CI — console 8/10 flaky FreeScout + OpsDispatch regressions in main since ~PR #2352 area; failing on all wave PRs. #2390 should resolve.
Release 0/7 broken release-please ../../VERSION pathing error — every push to main since at least 2026-05-18T05:48 UTC. No successful Release run in the window sampled.
Deploy to Heroku 4/7 (non-cancelled) degraded Earlier failures: heroku CLI not on PATH (exit 127) — fixed by PR adding binary guard.
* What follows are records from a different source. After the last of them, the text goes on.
(* Let $\mathcal S$ be a Hilbert space, $B$ a bounded normal operator on $\mathcal S$, and $g\in\mathscr T'$. Then the map $e^{B^*\otimes a(g)}$ is injective on $\mathcal S\hat\otimes\mathcal F_{\rm fin}(\mathscr T)$. Consequently $\langle\Psi,\Phi\rangle_{B,g}:=\langle e^{B^*\otimes a(g)}\Psi,e^{B^*\otimes a(g)}\Phi\rangle_{\mathcal S\otimes\mathcal F(\mathfrak h)}$ is a non-degenerate inner product on $\mathcal S\hat\otimes\mathcal F_{\rm fin}(\mathscr T)$.
   Context: Let $\mathfrak h$ be a complex Hilbert space, $\mathscr T$ a topological vector space continuously embedded in $\mathfrak h$ with dense image, $\mathscr T'$ the space of continuous antilinear functionals on $\mathscr T$; $\langle\varphi,f\rangle:=\overline{\varphi(f)}$ for $\varphi\in\mathscr T'$, $f\in\mathscr T$. $\mathcal F(\mathfrak h)$ is the symmetric Fock space, $\mathcal F_{\rm fin}(\mathscr T)$ the vectors with finitely many nonzero components, the $n$-th in the algebraic symmetric tensor product of $n$ copies of $\mathscr T$. For $g\in\mathscr T'$, $a(g)$ on $\mathcal F_{\rm fin}(\mathscr T)$ is defined linearly by $(a(g)\Psi)_n=\frac{\sqrt{n+1}}{(n+1)!}\sum_{\sigma\in S_{n+1}}\langle g,\psi_{\sigma(1)}\rangle\psi_{\sigma(2)}\otimes\cdots\otimes\psi_{\sigma(n+1)}$ for $\Psi_{n+1}=\psi_1\otimes_s\cdots\otimes_s\psi_{n+1}$. $\hat\otimes$ denotes the algebraic tensor product. $e^{B^*\otimes a(g)}$ is defined on $\mathcal S\hat\otimes\mathcal F_{\rm fin}(\mathscr T)$ by linear extension of $e^{B^*\otimes a(g)}(\varphi\otimes\Xi)=\sum_{k\ge0}\frac1{k!}((B^* )^k\varphi)\otimes(a(g)^k\Xi)$ (a finite sum). *)

theory Defs
  imports "HOL-Analysis.Analysis"
begin

text \<open>The inner product is
  antilinear in the first and linear in the second argument.\<close>

class complex_vector = real_vector +
  fixes scaleC :: "complex \<Rightarrow> 'a \<Rightarrow> 'a"  (infixr \<open>*\<^sub>C\<close> 75)
  assumes scaleC_add_right: "a *\<^sub>C (x + y) = a *\<^sub>C x + a *\<^sub>C y"
    and scaleC_add_left: "(a + b) *\<^sub>C x = a *\<^sub>C x + b *\<^sub>C x"
    and scaleC_scaleC: "a *\<^sub>C (b *\<^sub>C x) = (a * b) *\<^sub>C x"
    and scaleC_one: "1 *\<^sub>C x = x"
    and scaleR_scaleC: "r *\<^sub>R x = complex_of_real r *\<^sub>C x"

class complex_inner = complex_vector + real_normed_vector +
  fixes cinner :: "'a \<Rightarrow> 'a \<Rightarrow> complex"
  assumes cinner_commute: "cinner x y = cnj (cinner y x)"
    and cinner_add_right: "cinner x (y + z) = cinner x y + cinner x z"
    and cinner_scaleC_right: "cinner x (c *\<^sub>C y) = c * cinner x y"
    and cinner_self_real: "Im (cinner x x) = 0"
    and cinner_self_nonneg: "0 \<le> Re (cinner x x)"
    and cinner_self_eq_0: "cinner x x = 0 \<longleftrightarrow> x = 0"
    and norm_eq_sqrt_cinner: "norm x = sqrt (Re (cinner x x))"

class chilbert_space = complex_inner + complete_space

definition clinear :: "('a::complex_vector \<Rightarrow> 'b::complex_vector) \<Rightarrow> bool" where
  "clinear f \<longleftrightarrow> (\<forall>x y. f (x + y) = f x + f y) \<and> (\<forall>c x. f (c *\<^sub>C x) = c *\<^sub>C f x)"

definition bounded_clinear_op :: "('a::complex_inner \<Rightarrow> 'b::complex_inner) \<Rightarrow> bool" where
  "bounded_clinear_op f \<longleftrightarrow> clinear f \<and> (\<exists>K. \<forall>x. norm (f x) \<le> norm x * K)"

text \<open>\<open>Bs\<close> is the adjoint of \<open>B\<close> (the adjoint is unique, so this pins \<open>Bs = B\<^sup>*\<close>).\<close>
definition is_adjoint :: "('a::complex_inner \<Rightarrow> 'a) \<Rightarrow> ('a \<Rightarrow> 'a) \<Rightarrow> bool" where
  "is_adjoint B Bs \<longleftrightarrow> (\<forall>x y. cinner (Bs x) y = cinner x (B y))"

definition normal_op :: "('a::complex_inner \<Rightarrow> 'a) \<Rightarrow> ('a \<Rightarrow> 'a) \<Rightarrow> bool" where
  "normal_op B Bs \<longleftrightarrow> (\<forall>x. Bs (B x) = B (Bs x))"

text \<open>The topological vector space \<open>\<T>\<close> continuously and densely embedded in \<open>\<h>\<close>
  is modelled by its image: a complex linear subspace \<open>D\<close> of \<open>\<h>\<close>, carrying its own
  topology \<open>\<tau>\<close> (with \<open>topspace \<tau> = D\<close>) making it a topological vector space, such
  that the inclusion \<open>D \<hookrightarrow> \<h>\<close> is continuous and \<open>D\<close> is dense.\<close>

definition csubspace :: "'a::complex_vector set \<Rightarrow> bool" where
  "csubspace D \<longleftrightarrow> 0 \<in> D \<and> (\<forall>x\<in>D. \<forall>y\<in>D. x + y \<in> D) \<and> (\<forall>c. \<forall>x\<in>D. c *\<^sub>C x \<in> D)"

definition test_space :: "'h::chilbert_space set \<Rightarrow> 'h topology \<Rightarrow> bool" where
  "test_space D \<tau> \<longleftrightarrow>
     csubspace D \<and> topspace \<tau> = D
   \<and> continuous_map (prod_topology \<tau> \<tau>) \<tau> (\<lambda>(x, y). x + y)
   \<and> continuous_map (prod_topology (euclidean :: complex topology) \<tau>) \<tau> (\<lambda>(c, x). c *\<^sub>C x)
   \<and> continuous_map \<tau> euclidean (\<lambda>x. x)
   \<and> closure D = UNIV"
Latest failure (#2389 merge): staging deploy succeeded but "File GitHub issue on failure" job fails when synthetic checks fail because the checkout token lacks repo access.
Deploy internal docs 0/8 broken CF Access decision=allow vs decision=non_identity — blocking all runs since first observed 2026-05-18T05:26 UTC.
Terraform — email-delivery-stack 0/8 broken (chronic) AWS credentials missing/expired. Failing since 2026-05-12. No evidence this workflow has ever successfully planned in the sampled window.
Billing retention cron 0/5 broken (chronic) RAPTOR_INTERNAL_API_URL and ADMIN_SERVICE_TOKEN secrets not set. Failing since 2026-05-14.
Nightly Security Scan 3/10 failures flaky raxx-ops-bot installation token mint 404 introduced ~2026-05-16. Scan itself runs; only the PR-creation step fails.
Flag drift check (B2) 2/2 success healthy
Daily card groomer 1/1 success healthy
Queue Docker smoke 1/1 failure on one branch isolated Only feature/shadow-analytics-dpia-runbook failed; all other branches pass. Permissions issue on that branch.
PR Gates (ci-pr.yml) 10/10 success healthy Sprint Readiness gate itself is passing on all PRs. BFM 403 vault auth issue resolved at 15:30 UTC.

Flakiness assessment

OpenAPI drift check (CI — main): Not flaky — deterministic fail on every push that includes backend route changes without a matching openapi.yaml update. The /internal/trace/sys-event route was registered in PR #2017 and the spec was never updated. This will fail every CI — main run until resolved.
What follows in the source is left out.